Mohseni Mohammad-Javad, Amanpour Saeid, Muhammadnejad Samad, Sabetkish Shabnam, Muhammadnejad Ahad, Heidari Reza, Haddadi Mahnaz, Mazaheri Zohreh, Vasei Mohammad, Kajbafzadeh Abdol-Mohammad
Pediatric Urology Research Center, Children's Center of Excellence, Department of Pediatric Urology, Islamic Republic of Iran.
Department of Experimental Research, Cancer Research Center, Iranian Cancer Institute, Islamic Republic of Iran.
J Pediatr Urol. 2014 Feb;10(1):123-9. doi: 10.1016/j.jpurol.2013.07.009. Epub 2013 Aug 26.
Lack of appropriate approaches that reliably predict response of Wilms' tumor (WT) to anticancer agents remains a major deficiency in clinical practice of individualized cancer therapy. The aim of this study was to establish a patient-derived tumor tissue (PDTT) xenograft model of WT for individualized chemotherapeutic regimen selection in accordance with the patient's tumor nature.

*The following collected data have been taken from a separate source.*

(* Let $d,k\ge 1$ be integers, let $\|\cdot\|$ be a norm on $\mathbb{R}^d$, let $\epsilon\ge 0$, and let $(X,Y)$ be a pair of random variables with values in $\mathbb{R}^d\times\mathbb{R}^k$. Let $\ell:\mathbb{R}^k\times\mathbb{R}^k\to\mathbb{R}_{\ge0}$ be a loss function and let $A,B:\mathbb{R}^k\times\mathbb{R}^k\to\mathbb{R}_{\ge 0}$ be functions with $A(u,u)=B(u,u)=0$ for all $u\in\mathbb{R}^k$ such that for all $u,v,u',v'\in\mathbb{R}^k$, $$\ell(u,v)+\ell(u',v')+A(u,u')\ge B(v,v')\quad\text{and}\quad \ell(u,v)+\ell(u',v')+A(v,v')\ge B(u,u').$$ Let $\mathcal{F}$ be a class of functions from $\mathbb{R}^d$ to $\mathbb{R}^k$. Then for every $f\in\mathcal{F}$, $$R(f)+R_\epsilon(f)\ge \max\left\{\mathbb{E}\left(\sup_{\Delta:\|\Delta\|\le\epsilon} B\big(f(X),f(X+\Delta)\big)\right),\ \mathbb{E}\,B(Y,Y')\right\},$$ where $Y'$ is a random variable such that, conditioned on $X$, $Y'$ is independent of $Y$ and has the same conditional distribution as $Y$ given $X$.
   Context: The standard risk of $f$ is $R(f)=\mathbb{E}\,\ell(f(X),Y)$ and its adversarial risk is $R_\epsilon(f)=\mathbb{E}\left(\sup_{\Delta\in\mathbb{R}^d:\|\Delta\|\le\epsilon}\ell(f(X+\Delta),Y)\right)$. All expectations are assumed to be well defined (possibly $+\infty$). *)

theory Defs
  imports "HOL-Probability.Probability"
begin

definition is_norm :: "('a::real_vector \<Rightarrow> real) \<Rightarrow> bool" where
  "is_norm N \<longleftrightarrow> (\<forall>x. N x \<ge> 0) \<and> (\<forall>x. N x = 0 \<longleftrightarrow> x = 0)
     \<and> (\<forall>c x. N (c *\<^sub>R x) = \<bar>c\<bar> * N x) \<and> (\<forall>x y. N (x + y) \<le> N x + N y)"
lemma generic_out_leads_to_min:
  assumes "u \<in> V" and "l \<in> V"
    and l_min: "\<forall>v\<in>V. v \<noteq> l \<longrightarrow> code (aview deg nbr x l) < code (aview deg nbr x v)"
  shows "\<exists>vs. follow deg nbr u (generic_out deg nbr code x u) = Some vs \<and> distinct vs \<and> last vs = l"
proof -
  define r where "r = gen_stop_round deg nbr x u"
  have "x \<le> r" and "gen_stop x r (aview deg nbr (Suc r) u)"
    using gen_stop_round_bounds[OF assms(1)] unfolding r_def by auto
  then have "V \<subseteq> {v. \<exists>d\<le>r - x. (u, v) \<in> E ^^ d}"
    using gen_stop_aview_iff[OF assms(1)] V_subset_ball_if_sphere_subset[OF con assms(1)] by blast
  moreover have "{v. \<exists>d\<le>r - x. (u, v) \<in> E ^^ d} \<subseteq> V"
    using relpow_adj_in_V assms(1) by blast
  ultimately have ball: "{v. \<exists>d\<le>r - x. (u, v) \<in> E ^^ d} = V" by blast
  have X: "gen_X x r (aview deg nbr (Suc r) u) = aview deg nbr x ` V"
    unfolding gen_X_aview[OF assms(1) \<open>x \<le> r\<close>] ball ..
  have "aview deg nbr x l \<in> gen_X x r (aview deg nbr (Suc r) u)"
    unfolding X using assms(2) by blast
  moreover have "\<forall>c\<in>gen_X x r (aview deg nbr (Suc r) u). c \<noteq> aview deg nbr x l \<longrightarrow>
      code (aview deg nbr x l) < code c"
    unfolding X using l_min by auto
  ultimately have "gen_Bmin code x r (aview deg nbr (Suc r) u) = aview deg nbr x l"
    by (rule gen_Bmin_eqI)
  moreover obtain d1 where "d1 \<le> r - x" "(u, l) \<in> E ^^ d1" using ball assms(2) by blast
  ultimately show ?thesis
    unfolding generic_out_def Let_def r_def[symmetric]
    using gen_output_aview[OF assms(1,2) \<open>x \<le> r\<close>] by blast
qed

end

end

end

theorem lemma1:
  fixes V :: "'a set" and deg :: "'a \<Rightarrow> nat" and nbr :: "'a \<Rightarrow> nat \<Rightarrow> 'a"
    and code :: "view \<Rightarrow> bool list" and x :: nat
  assumes "port_graph V deg nbr"
    and "connected_pg V deg nbr"
    and "feasible V deg nbr"
    and "inj code"
    and "x \<ge> election_index V deg nbr"
  shows "(\<forall>u\<in>V. \<exists>r. x \<le> r \<and> gen_stop x r (aview deg nbr (Suc r) u))
       \<and> leader_election V deg nbr (generic_out deg nbr code x)
       \<and> (\<forall>u\<in>V. generic_time deg nbr x u \<le> diameter V deg nbr + x + 1)"
proof -
  have "inj_on (aview deg nbr (election_index V deg nbr)) V"
    using assms(3) unfolding feasible_def election_index_def by (rule LeastI_ex)
  then have inj_x: "inj_on (aview deg nbr x) V" using assms(5) by (rule inj_on_aview_mono)
  then have "inj_on (code \<circ> aview deg nbr x) V"
    using assms(4) by (simp add: comp_inj_on inj_on_subset)
  moreover have "finite V" and "V \<noteq> {}" using assms(1) unfolding port_graph_def by auto
  ultimately obtain l where "l \<in> V"
    and l_min: "\<forall>v\<in>V. v \<noteq> l \<longrightarrow> code (aview deg nbr x l) < code (aview deg nbr x v)"
    using ex_strict_min_if_finite_inj_on[of V "code \<circ> aview deg nbr x"] by auto
  note stop = gen_stop_round_bounds[OF assms(1) inj_x assms(2)]
  have "\<forall>u\<in>V. \<exists>r. x \<le> r \<and> gen_stop x r (aview deg nbr (Suc r) u)"
    using stop(1,2) by blast
  moreover have "leader_election V deg nbr (generic_out deg nbr code x)"
    unfolding leader_election_def
    using generic_out_leads_to_min[OF assms(1) inj_x assms(2) _ \<open>l \<in> V\<close> l_min] \<open>l \<in> V\<close> by blast
  moreover have "\<forall>u\<in>V. generic_time deg nbr x u \<le> diameter V deg nbr + x + 1"
    unfolding generic_time_def using stop(3) by fastforce
  ultimately show ?thesis by blast
qed

end
lemma ip_diff_right: "ip V x (y - z) = ip V x y - ip V x z"
  and ip_diff_left: "ip V (y - z) x = ip V y x - ip V z x"
  using ip_add_right[of x "y - z" z] ip_add_left[of "y - z" z x] by simp_all

lemma ip_sum_right: "ip V x (sum f A) = (\<Sum>a\<in>A. ip V x (f a))"
  by (induction A rule: infinite_finite_induct) (simp_all add: ip_add_right)

lemma ip_self_eq_vnorm_power2: "ip V x x = complex_of_real ((vnorm V x)\<^sup>2)"
  using ip_self_real_nonneg[of x] by (simp add: vnorm_def complex_eq_iff)

lemma vnorm_power2: "(vnorm V x)\<^sup>2 = Re (ip V x x)"
  by (simp add: ip_self_eq_vnorm_power2)

lemma vnorm_nonneg: "0 \<le> vnorm V x"
  using ip_self_real_nonneg[of x] unfolding vnorm_def by simp

lemma vnorm_eq_0: "vnorm V x = 0 \<Longrightarrow> x = 0"
  using ip_self_eq_vnorm_power2[of x] ip_self_eq_0 by simp

lemma Re_ip_le_vnorm_mult: "Re (ip V u w) \<le> vnorm V u * vnorm V w"
proof -
  define s t where "s = vnorm V w" and "t = vnorm V u"
  have uu: "Re (ip V u u) = t\<^sup>2" and ww: "Re (ip V w w) = s\<^sup>2"
    by (simp_all add: vnorm_power2 s_def t_def)
  have wu: "Re (ip V w u) = Re (ip V u w)" using ip_commute[of w u] by simp
  define v where "v = smul V (of_real s) u - smul V (of_real t) w"
  have "ip V v v = of_real (s * s) * ip V u u - of_real (s * t) * ip V u w
      - of_real (t * s) * ip V w u + of_real (t * t) * ip V w w"
    unfolding v_def by (simp add: ip_diff_left ip_diff_right ip_smul_left ip_smul_right algebra_simps)
  then have "Re (ip V v v) = s * s * Re (ip V u u) - s * t * Re (ip V u w)
      - t * s * Re (ip V w u) + t * t * Re (ip V w w)"
    by simp
  also have "\<dots> = 2 * (s * t) * (s * t - Re (ip V u w))"
    using uu ww wu by (simp add: power2_eq_square algebra_simps)
  finally have "Re (ip V v v) = 2 * (s * t) * (s * t - Re (ip V u w))" .
  then have nonneg: "0 \<le> (s * t) * (s * t - Re (ip V u w))"
    using ip_self_real_nonneg[of v] by simp
  show ?thesis
  proof (cases "s * t > 0")
    case True
    then show ?thesis using nonneg by (simp add: s_def t_def mult.commute zero_le_mult_iff)
  next
    case False
    then have "s = 0 \<or> t = 0" using vnorm_nonneg s_def t_def by (metis less_eq_real_def mult_pos_pos)
    then have "w = 0 \<or> u = 0" using vnorm_eq_0[of w] vnorm_eq_0[of u] s_def t_def by auto
    then show ?thesis using vnorm_nonneg by auto
  qed
qed
(* Let $f$ be a nonnegative locally integrable function on $\mathbb R$, $\lambda>0$, and let $\{I_i\}_{i=1}^m$ be a well-separated family of intervals such that for every $i$, $$\lambda\le\frac{\int_{I_i}f(y)\,dy}{|I_i|}\le2\lambda.$$ Then for every $1\le i\le m$ there exists $j_i\in[-50,50]\setminus\{0\}$ such that $$\Big|H\big(f\chi_{\bigcup_{i=1}^mI_i}\big)(x)\Big|\ge\frac\lambda8\qquad\text{for every }x\in\bigcup_{i=1}^mI_{i,j_i}.$$
   Context: $Hf(x)=\frac1\pi\lim_{\varepsilon\to0^+}\int_{|x-y|>\varepsilon}\frac{f(y)}{x-y}dy$. For an interval $I$ and an integer $j\in[-50,50]$, $I_j$ denotes the interval with $|I_j|=|I|$, $I_0=I$, and for $j\ne0$, $\mathrm{dist}(I_j,I)=(|j|-1)|I|$ with $I_j$ to the left of $I$ if $j<0$ and to the right if $j>0$; $I_{i,j}$ denotes $(I_i)_j$. A finite family of intervals $\{I_i\}$ is well-separated if the intervals $101I_i$ (same center, $101$ times the length) are pairwise disjoint. *)

theory Defs
  imports "HOL-Analysis.Analysis"
begin

definition hilbert :: "(real \<Rightarrow> real) \<Rightarrow> real \<Rightarrow> real" where
  "hilbert f x = Lim (at_right 0)
     (\<lambda>\<epsilon>. (1 / pi) * (LINT y : {y. \<epsilon> < \<bar>x - y\<bar>} | lborel. f y / (x - y)))"

definition locally_integrable :: "(real \<Rightarrow> real) \<Rightarrow> bool" where
  "locally_integrable f \<longleftrightarrow> (\<forall>K. compact K \<longrightarrow> set_integrable lborel K f)"

text \<open>The interval I = [a,b] is shifted to I_j = [a + j|I|, b + j|I|]; this has
  |I_j| = |I|, and for j \<noteq> 0 dist(I_j, I) = (|j|-1)|I|, to the left iff j < 0.\<close>
definition shift_lo :: "real \<Rightarrow> real \<Rightarrow> int \<Rightarrow> real" where
  "shift_lo a b j = a + of_int j * (b - a)"

definition shift_hi :: "real \<Rightarrow> real \<Rightarrow> int \<Rightarrow> real" where
  "shift_hi a b j = b + of_int j * (b - a)"

definition dil101 :: "real \<Rightarrow> real \<Rightarrow> real set" where
  "dil101 a b = {(a + b) / 2 - 101 * (b - a) / 2 .. (a + b) / 2 + 101 * (b - a) / 2}"

definition well_separated :: "nat \<Rightarrow> (nat \<Rightarrow> real) \<Rightarrow> (nat \<Rightarrow> real) \<Rightarrow> bool" where
  "well_separated m a b \<longleftrightarrow>
     (\<forall>i\<in>{1..m}. \<forall>k\<in>{1..m}. i \<noteq> k \<longrightarrow> dil101 (a i) (b i) \<inter> dil101 (a k) (b k) = {})"

end

theory Submission
  imports Defs
begin

(* For J i = 1 or -1 the interval I_{i,J i} is adjacent to I_i, so for x in it the kernel
  1/(x - y) has sign J i and size at least 1/(2 |I_i|) on I_i: the near field of I_i contributes
  at least lam/2 to pi H(f chi)(x) in the direction J i.  The far field (all other intervals) is
  Lipschitz on 3 I_i with constant 2 lam sum_k |I_k| / dist(3 I_i, I_k)^2, and since the dilates
  101 I_k are disjoint this sum is at most 2 / (50 * 49 |I_i|); so the far field moves by less
  than lam/100 across 3 I_i.  Choosing J i as the sign of the far field at a i, the two parts
  cannot cancel, and |H(f chi)(x)| >= 0.49 lam / pi >= lam / 8. *)

definition kernel_integral :: "real set \<Rightarrow> (real \<Rightarrow> real) \<Rightarrow> real \<Rightarrow> real" where
  "kernel_integral S f x = (LINT y:S|lborel. f y / (x - y))"

lemma set_integrable_kernel:
  fixes f :: "real \<Rightarrow> real"
  assumes f: "set_integrable lborel S f" and d: "0 < d" "\<forall>y\<in>S. d \<le> \<bar>x - y\<bar>"
  shows "set_integrable lborel S (\<lambda>y. f y / (x - y))"
proof (rule set_integrable_bound)
  show "set_integrable lborel S (\<lambda>y. f y / d)"
    using f by simp
  have "(\<lambda>y. indicator S y *\<^sub>R f y) \<in> borel_measurable lborel"
    using f unfolding set_integrable_def by (rule borel_measurable_integrable)
  then have "(\<lambda>y. (indicator S y *\<^sub>R f y) / (x - y)) \<in> borel_measurable lborel"
    by measurable
  then show "set_borel_measurable lborel S (\<lambda>y. f y / (x - y))"
    unfolding set_borel_measurable_def by simp
  have "norm (f y / (x - y)) \<le> norm (f y / d)" if "y \<in> S" for y
    using d that by (auto simp: abs_divide intro!: divide_left_mono)
  then show "AE y in lborel. y \<in> S \<longrightarrow> norm (f y / (x - y)) \<le> norm (f y / d)"
    by simp
qed

lemma set_integrable_kernel_closed:
  fixes f :: "real \<Rightarrow> real"
  assumes "set_integrable lborel S f" "closed S" "x \<notin> S"
  shows "set_integrable lborel S (\<lambda>y. f y / (x - y))"
proof -
  obtain d where "0 < d" "\<forall>y\<in>S. d \<le> \<bar>x - y\<bar>"
    using separate_point_closed[OF assms(2,3)] by (auto simp: dist_real_def)
  with assms(1) show ?thesis by (rule set_integrable_kernel)
qed

lemma hilbert_indicator_outside_closed:
  fixes f :: "real \<Rightarrow> real"
  assumes "closed E" "x \<notin> E"
  shows "hilbert (\<lambda>y. indicator E y * f y) x = kernel_integral E f x / pi"
proof -
  obtain r where r: "0 < r" "\<forall>y\<in>E. r \<le> \<bar>x - y\<bar>"
    using separate_point_closed[OF assms] by (auto simp: dist_real_def)
  have "(LINT y : {y. \<epsilon> < \<bar>x - y\<bar>} | lborel. indicator E y * f y / (x - y)) = kernel_integral E f x"
    if "\<epsilon> < r" for \<epsilon>
    unfolding kernel_integral_def set_lebesgue_integral_def
    by (rule Bochner_Integration.integral_cong) (use r that in \<open>auto simp: indicator_def\<close>)
  then have "eventually (\<lambda>\<epsilon>. (1 / pi) * (LINT y : {y. \<epsilon> < \<bar>x - y\<bar>} | lborel. indicator E y * f y / (x - y))
      = kernel_integral E f x / pi) (at_right 0)"
    using r(1) by (auto simp: eventually_at_right_field intro!: exI[of _ r])
  then show ?thesis
    unfolding hilbert_def by (intro tendsto_Lim tendsto_eventually) auto
qed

Tumor specimens of a primary WT were orthotopically implanted into three nude mice, and after 4 weeks xenografts were harvested for serial heterotopic transplantation in 20 nude mice that were divided into three experimental groups and one control group. In vitro and in vivo chemosensitivity to doxorubicin, actinomycin-D, and vincristine were evaluated. Hematoxylin and eosin (H&E) staining and immunohistochemical examination with desmin, vimentin, myogenin, and neuron-specific enolase (NSE) were also applied to determine histological stability of the xenograft during serial transplantation compared with the original tumor tissue.
The xenograft model was successfully established. Histopathologic characteristics of the xenograft tumors were similar to the patient's tumor. Early passage of the PDTT showed a similar chemosensitivity pattern to the original tumor tissue.
PDTT xenograft of WT provides an appropriate model for individualized cancer therapeutic regimen selection by means of its biological stability compared with original patient's tumor.
缺乏可靠预测肾母细胞瘤(WT)对抗癌药物反应的合适方法仍然是个体化癌症治疗临床实践中的一个主要缺陷。本研究的目的是建立一个WT的患者来源肿瘤组织(PDTT)异种移植模型,以便根据患者肿瘤的性质选择个体化化疗方案。
将原发性WT的肿瘤标本原位植入三只裸鼠体内,4周后收获异种移植瘤,在20只裸鼠中进行连续异位移植,这些裸鼠分为三个实验组和一个对照组。评估对阿霉素、放线菌素-D和长春新碱的体外和体内化学敏感性。还应用苏木精和伊红(H&E)染色以及用结蛋白、波形蛋白、肌细胞生成素和神经元特异性烯醇化酶(NSE)进行免疫组化检查,以确定与原始肿瘤组织相比,异种移植瘤在连续移植过程中的组织学稳定性。
成功建立了异种移植模型。异种移植瘤的组织病理学特征与患者的肿瘤相似。PDTT的早期传代表现出与原始肿瘤组织相似的化学敏感性模式。
WT的PDTT异种移植通过与原始患者肿瘤相比具有生物学稳定性,为个体化癌症治疗方案的选择提供了一个合适的模型。